-- Opening Marker --

lemma sum_rel_converse: "(sum_rel I R)\<inverse> = sum_rel I (\<lambda>i. (R i)\<inverse>)"
  by (auto simp: sum_rel_def)

lemma sum_rel_relcomp: "sum_rel I R O sum_rel I S = sum_rel I (\<lambda>i. R i O S i)"
  by (auto simp: sum_rel_def)

lemma fgraph_sum_fun: "fgraph (Sigma I X) (sum_fun f) = sum_rel I (\<lambda>i. fgraph (X i) (f i))"
  by (auto simp: sum_rel_def fgraph_def)

lemma sum_rel_fibres:
  assumes "R \<subseteq> sum_rel I S"
  shows "R = sum_rel I (\<lambda>i. {(x, y). ((i, x), (i, y)) \<in> R})"
  using assms by (auto simp: sum_rel_def)

lemma sum_rel_up_sets_iff:
  "sum_rel I R \<in> up_sets (sum_rel I le) (sum_rel I E) \<longleftrightarrow> (\<forall>i\<in>I. R i \<in> up_sets (le i) (E i))"
proof
  assume up: "sum_rel I R \<in> up_sets (sum_rel I le) (sum_rel I E)"
  show "\<forall>i\<in>I. R i \<in> up_sets (le i) (E i)"
  proof
    fix i assume i: "i \<in> I"
    have "R i \<subseteq> E i" using up i by (simp add: up_sets_def sum_rel_subset_iff)
    moreover have "q \<in> R i" if "p \<in> R i" "q \<in> E i" "E_below (le i) p q" for p q
    proof -
      let ?lift = "\<lambda>p. ((i, fst p), (i, snd p))"
      have "?lift p \<in> sum_rel I R" "?lift q \<in> sum_rel I E"
        "E_below (sum_rel I le) (?lift p) (?lift q)"
        using that i by (auto simp: E_below_def)
      then have "?lift q \<in> sum_rel I R" using up unfolding up_sets_def by blast
      then show ?thesis by simp
    qed
    ultimately show "R i \<in> up_sets (le i) (E i)" unfolding up_sets_def by blast
  qed
next
  assume up: "\<forall>i\<in>I. R i \<in> up_sets (le i) (E i)"
  show "sum_rel I R \<in> up_sets (sum_rel I le) (sum_rel I E)"
    unfolding up_sets_def
  proof (intro CollectI conjI ballI impI)
    show "sum_rel I R \<subseteq> sum_rel I E" using up by (simp add: up_sets_def sum_rel_subset_iff)
    fix P Q assume "P \<in> sum_rel I R" "Q \<in> sum_rel I E" and below: "E_below (sum_rel I le) P Q"
    then obtain i x y j u v where P: "P = ((i, x), (i, y))" "i \<in> I" "(x, y) \<in> R i"
      and Q: "Q = ((j, u), (j, v))" "(u, v) \<in> E j"
      by (auto simp: sum_rel_def)
    have "(fst Q, fst P) \<in> sum_rel I le" "(snd P, snd Q) \<in> sum_rel I le"
      using below by (simp_all add: E_below_def)
    then have "j = i" "E_below (le i) (x, y) (u, v)" by (auto simp: P(1) Q(1) E_below_def)
    with up P Q have "(u, v) \<in> R i" unfolding up_sets_def by blast
    then show "Q \<in> sum_rel I R" using P Q \<open>j = i\<close> by simp
  qed
qed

-- Closing Marker --

Goal of the exercise: Only the number is wanted here. How many lines in the entries contain "lift"?

Completed task: 4